** WHAT YOU NEED TO DO **
Your task is to repeat exactly the lines below between the line holding "y. x \<noteq>" and the line holding "(UNIV :: 'a set) \<and>", inclusive, and only those.

BEGIN SUPPLIED MATERIAL

(* Let $G$ act 3-discontinuously and 2-cocompactly on a compactum $T$. Then $G$ is finitely generated if and only if there exists a nonempty $G$-invariant set $A$ of self-linked entourages of $T$ consisting of finitely many $G$-orbits such that the graph $\Gamma_A$ is connected.
   Context: A compactum is a compact Hausdorff space with at least 3 points; 3-discontinuous means the induced action on the space of 3-element subsets of $T$ is properly discontinuous, 2-cocompact means the induced action on the space of 2-element subsets is cocompact. Let $S^2T$ be the space of unordered pairs $\{x,y\}$ of points of $T$ (with $x=y$ allowed), a quotient of $T\times T$, and $\Delta^2T\subset S^2T$ the diagonal $\{\{x,x\}\}$. An entourage of $T$ is a neighborhood of $\Delta^2T$ in $S^2T$. For an entourage $\mathbf e$, a set $U\subset T$ is $\mathbf e$-small if $\{x,y\}\in\mathbf e$ for all $x,y\in U$. Two entourages $\mathbf a,\mathbf b$ are unlinked ($\mathbf a\bowtie\mathbf b$) if there exist an $\mathbf a$-small set $a$ and a $\mathbf b$-small set $b$ with $a\cup b=T$; otherwise they are linked ($\mathbf a\#\mathbf b$). An entourage $\mathbf a$ is self-linked if $\mathbf a\#\mathbf a$. $G$ acts on entourages via its action on $S^2T$. For a set $A$ of entourages, $\Gamma_A$ is the graph with vertex set $A$ in which distinct $\mathbf a,\mathbf b\in A$ are joined by an edge iff $\mathbf a\#\mathbf b$. *)

theory Defs
  imports "HOL-Analysis.Analysis" "HOL-Algebra.Group_Action" "HOL-Algebra.Generated_Groups"
begin

text \<open>The space of n-element subsets of T (n = 2, 3), with the quotient topology
  induced from the space of ordered n-tuples of pairwise distinct points.\<close>

definition Theta2 :: "'a set set" where
  "Theta2 = {S. \<exists>x y. x \<noteq> y \<and> S = {x, y}}"

definition Theta3 :: "'a set set" where
  "Theta3 = {S. \<exists>x y z. distinct [x, y, z] \<and> S = {x, y, z}}"

definition theta2_top :: "('a::topological_space) set topology" where
  "theta2_top = topology (\<lambda>U. U \<subseteq> Theta2 \<and>
     openin (top_of_set {(x, y). x \<noteq> y}) {(x, y). x \<noteq> y \<and> {x, y} \<in> U})"

definition theta3_top :: "('a::topological_space) set topology" where
  "theta3_top = topology (\<lambda>U. U \<subseteq> Theta3 \<and>
     openin (top_of_set {(x, y, z). distinct [x, y, z]})
            {(x, y, z). distinct [x, y, z] \<and> {x, y, z} \<in> U})"

definition set_act :: "('g \<Rightarrow> 'a \<Rightarrow> 'a) \<Rightarrow> 'g \<Rightarrow> 'a set \<Rightarrow> 'a set" where
  "set_act \<phi> g S = \<phi> g ` S"

definition action_by_homeos :: "('g, 'b) monoid_scheme \<Rightarrow> ('g \<Rightarrow> 'a::topological_space \<Rightarrow> 'a) \<Rightarrow> bool" where
  "action_by_homeos G \<phi> \<longleftrightarrow> group_action G UNIV \<phi> \<and>
     (\<forall>g\<in>carrier G. homeomorphism UNIV UNIV (\<phi> g) (\<phi> (inv\<^bsub>G\<^esub> g)))"

definition is_compactum :: "'a::topological_space itself \<Rightarrow> bool" where
  "is_compactum _ \<longleftrightarrow> compact (UNIV :: 'a set) \<and>
     (\<forall>x y::'a. x \<noteq> y \<longrightarrow> (\<exists>U V. open U \<and> open V \<and> x \<in> U \<and> y \<in> V \<and> U \<inter> V = {})) \<and>
     (\<exists>x y z::'a. distinct [x, y, z])"

definition three_discontinuous :: "('g, 'b) monoid_scheme \<Rightarrow> ('g \<Rightarrow> 'a::topological_space \<Rightarrow> 'a) \<Rightarrow> bool" where
  "three_discontinuous G \<phi> \<longleftrightarrow>
     (\<forall>K. compactin theta3_top K \<longrightarrow>
        finite {g \<in> carrier G. set_act \<phi> g ` K \<inter> K \<noteq> {}})"

definition two_cocompact :: "('g, 'b) monoid_scheme \<Rightarrow> ('g \<Rightarrow> 'a::topological_space \<Rightarrow> 'a) \<Rightarrow> bool" where
  "two_cocompact G \<phi> \<longleftrightarrow>
     (\<exists>K. compactin theta2_top K \<and> (\<Union>g\<in>carrier G. set_act \<phi> g ` K) = Theta2)"

definition finitely_generated :: "('g, 'b) monoid_scheme \<Rightarrow> bool" where
  "finitely_generated G \<longleftrightarrow> (\<exists>S. finite S \<and> S \<subseteq> carrier G \<and> generate G S = carrier G)"

text \<open>A subset of S^2 T (unordered pairs, diagonal allowed) is represented by the
  symmetric relation on T consisting of all ordered pairs (x,y) with {x,y} in it; this is a
  bijection preserving and reflecting openness (S^2 T carries the quotient topology of T x T).\<close>

definition entourage :: "('a::topological_space \<times> 'a) set \<Rightarrow> bool" where
  "entourage e \<longleftrightarrow> sym e \<and> (\<exists>U. open U \<and> Id \<subseteq> U \<and> U \<subseteq> e)"

definition small :: "('a \<times> 'a) set \<Rightarrow> 'a set \<Rightarrow> bool" where
  "small e U \<longleftrightarrow> (\<forall>x\<in>U. \<forall>y\<in>U. (x, y) \<in> e)"

definition unlinked :: "('a \<times> 'a) set \<Rightarrow> ('a \<times> 'a) set \<Rightarrow> bool" where
  "unlinked e f \<longleftrightarrow> (\<exists>a b. small e a \<and> small f b \<and> a \<union> b = UNIV)"

definition linked :: "('a \<times> 'a) set \<Rightarrow> ('a \<times> 'a) set \<Rightarrow> bool" where
  "linked e f \<longleftrightarrow> \<not> unlinked e f"

definition self_linked :: "('a \<times> 'a) set \<Rightarrow> bool" where
  "self_linked e \<longleftrightarrow> linked e e"

definition ent_act :: "('g \<Rightarrow> 'a \<Rightarrow> 'a) \<Rightarrow> 'g \<Rightarrow> ('a \<times> 'a) set \<Rightarrow> ('a \<times> 'a) set" where
  "ent_act \<phi> g e = (\<lambda>(x, y). (\<phi> g x, \<phi> g y)) ` e"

END SUPPLIED MATERIAL

** TASK RESPONSE **
  "Theta2 = {S. \<exists>x y. x \<noteq> y \<and> S = {x, y}}"

definition Theta3 :: "'a set set" where
  "Theta3 = {S. \<exists>x y z. distinct [x, y, z] \<and> S = {x, y, z}}"

definition theta2_top :: "('a::topological_space) set topology" where
  "theta2_top = topology (\<lambda>U. U \<subseteq> Theta2 \<and>
     openin (top_of_set {(x, y). x \<noteq> y}) {(x, y). x \<noteq> y \<and> {x, y} \<in> U})"

definition theta3_top :: "('a::topological_space) set topology" where
  "theta3_top = topology (\<lambda>U. U \<subseteq> Theta3 \<and>
     openin (top_of_set {(x, y, z). distinct [x, y, z]})
            {(x, y, z). distinct [x, y, z] \<and> {x, y, z} \<in> U})"

definition set_act :: "('g \<Rightarrow> 'a \<Rightarrow> 'a) \<Rightarrow> 'g \<Rightarrow> 'a set \<Rightarrow> 'a set" where
  "set_act \<phi> g S = \<phi> g ` S"

definition action_by_homeos :: "('g, 'b) monoid_scheme \<Rightarrow> ('g \<Rightarrow> 'a::topological_space \<Rightarrow> 'a) \<Rightarrow> bool" where
  "action_by_homeos G \<phi> \<longleftrightarrow> group_action G UNIV \<phi> \<and>
     (\<forall>g\<in>carrier G. homeomorphism UNIV UNIV (\<phi> g) (\<phi> (inv\<^bsub>G\<^esub> g)))"

definition is_compactum :: "'a::topological_space itself \<Rightarrow> bool" where
  "is_compactum _ \<longleftrightarrow> compact (UNIV :: 'a set) \<and>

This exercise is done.